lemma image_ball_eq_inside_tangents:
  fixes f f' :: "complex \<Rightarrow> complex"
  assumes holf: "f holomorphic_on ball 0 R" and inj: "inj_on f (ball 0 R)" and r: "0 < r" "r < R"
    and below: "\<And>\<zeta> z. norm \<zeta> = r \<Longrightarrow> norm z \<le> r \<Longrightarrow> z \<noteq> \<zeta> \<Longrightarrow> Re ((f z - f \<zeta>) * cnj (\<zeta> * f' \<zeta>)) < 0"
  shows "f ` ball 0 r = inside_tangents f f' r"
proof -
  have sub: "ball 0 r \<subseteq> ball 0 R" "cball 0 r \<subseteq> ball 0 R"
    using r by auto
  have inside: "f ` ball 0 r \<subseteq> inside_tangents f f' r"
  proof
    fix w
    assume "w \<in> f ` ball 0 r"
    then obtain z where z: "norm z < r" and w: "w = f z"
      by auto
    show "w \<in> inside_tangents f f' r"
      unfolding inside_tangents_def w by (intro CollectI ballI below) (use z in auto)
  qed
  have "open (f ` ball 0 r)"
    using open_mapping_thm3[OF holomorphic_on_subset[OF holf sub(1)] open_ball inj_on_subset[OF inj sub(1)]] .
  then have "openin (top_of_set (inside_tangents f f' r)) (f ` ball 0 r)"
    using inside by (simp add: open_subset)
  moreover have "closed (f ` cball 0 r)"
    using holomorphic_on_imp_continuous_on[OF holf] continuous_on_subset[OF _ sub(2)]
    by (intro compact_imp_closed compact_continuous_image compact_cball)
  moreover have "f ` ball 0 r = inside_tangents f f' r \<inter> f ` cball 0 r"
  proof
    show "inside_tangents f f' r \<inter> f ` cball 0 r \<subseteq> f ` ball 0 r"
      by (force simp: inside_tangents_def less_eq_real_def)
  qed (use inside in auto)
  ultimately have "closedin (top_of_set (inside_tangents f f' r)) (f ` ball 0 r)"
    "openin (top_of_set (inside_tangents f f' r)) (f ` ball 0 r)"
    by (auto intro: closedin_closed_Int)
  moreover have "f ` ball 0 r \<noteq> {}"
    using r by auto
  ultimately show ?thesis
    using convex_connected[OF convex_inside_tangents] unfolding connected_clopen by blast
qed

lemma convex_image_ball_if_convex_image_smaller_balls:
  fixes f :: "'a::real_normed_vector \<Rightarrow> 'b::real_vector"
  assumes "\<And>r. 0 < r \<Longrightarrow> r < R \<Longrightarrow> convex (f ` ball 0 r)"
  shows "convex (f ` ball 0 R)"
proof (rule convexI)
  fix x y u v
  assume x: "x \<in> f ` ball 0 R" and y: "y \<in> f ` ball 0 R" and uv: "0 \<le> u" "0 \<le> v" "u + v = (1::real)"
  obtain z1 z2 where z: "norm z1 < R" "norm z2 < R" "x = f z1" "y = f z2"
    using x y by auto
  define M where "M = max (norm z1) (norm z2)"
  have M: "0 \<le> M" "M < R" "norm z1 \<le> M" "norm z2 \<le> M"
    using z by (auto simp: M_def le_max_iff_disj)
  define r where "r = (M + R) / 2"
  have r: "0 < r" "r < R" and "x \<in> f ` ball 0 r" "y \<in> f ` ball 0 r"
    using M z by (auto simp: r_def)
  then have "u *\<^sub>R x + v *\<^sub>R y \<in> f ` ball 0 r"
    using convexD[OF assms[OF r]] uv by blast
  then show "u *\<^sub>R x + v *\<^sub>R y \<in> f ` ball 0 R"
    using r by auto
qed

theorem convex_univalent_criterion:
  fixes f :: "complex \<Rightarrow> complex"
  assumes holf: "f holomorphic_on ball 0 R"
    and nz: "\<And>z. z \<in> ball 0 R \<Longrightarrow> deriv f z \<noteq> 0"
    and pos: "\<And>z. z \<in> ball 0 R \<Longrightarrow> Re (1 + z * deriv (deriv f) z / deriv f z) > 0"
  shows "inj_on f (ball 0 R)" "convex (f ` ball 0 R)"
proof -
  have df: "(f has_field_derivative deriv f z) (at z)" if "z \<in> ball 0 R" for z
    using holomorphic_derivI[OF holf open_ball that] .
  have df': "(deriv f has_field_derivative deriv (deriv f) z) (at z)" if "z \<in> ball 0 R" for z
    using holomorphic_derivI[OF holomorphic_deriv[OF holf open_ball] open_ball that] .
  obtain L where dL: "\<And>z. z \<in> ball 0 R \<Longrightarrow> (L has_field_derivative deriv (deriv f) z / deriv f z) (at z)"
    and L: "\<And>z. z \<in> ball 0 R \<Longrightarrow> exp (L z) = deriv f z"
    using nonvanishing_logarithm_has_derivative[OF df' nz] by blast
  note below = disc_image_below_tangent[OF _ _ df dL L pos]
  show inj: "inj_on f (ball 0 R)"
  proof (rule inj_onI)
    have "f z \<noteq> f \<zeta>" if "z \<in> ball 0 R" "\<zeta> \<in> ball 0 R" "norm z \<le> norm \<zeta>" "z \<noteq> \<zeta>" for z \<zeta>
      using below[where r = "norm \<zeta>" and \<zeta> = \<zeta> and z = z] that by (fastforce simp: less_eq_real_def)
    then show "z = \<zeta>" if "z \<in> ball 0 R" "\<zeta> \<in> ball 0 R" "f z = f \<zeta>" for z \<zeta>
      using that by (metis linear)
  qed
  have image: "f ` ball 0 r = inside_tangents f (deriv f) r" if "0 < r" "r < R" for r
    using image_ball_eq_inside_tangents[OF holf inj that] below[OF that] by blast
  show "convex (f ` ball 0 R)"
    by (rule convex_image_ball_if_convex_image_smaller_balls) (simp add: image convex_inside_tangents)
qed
────
### Work to be completed
Your task is to restate, word for word, the line with "inside_tangents f (deriv" and all lines after it, ending with the last line of the data.

### Exercise output
  have image: "f ` ball 0 r = inside_tangents f (deriv f) r" if "0 < r" "r < R" for r
    using image_ball_eq_inside_tangents[OF holf inj that] below[OF that] by blast
  show "convex (f ` ball 0 R)"
    by (rule convex_image_ball_if_convex_image_smaller_balls) (simp add: image convex_inside_tangents)
qed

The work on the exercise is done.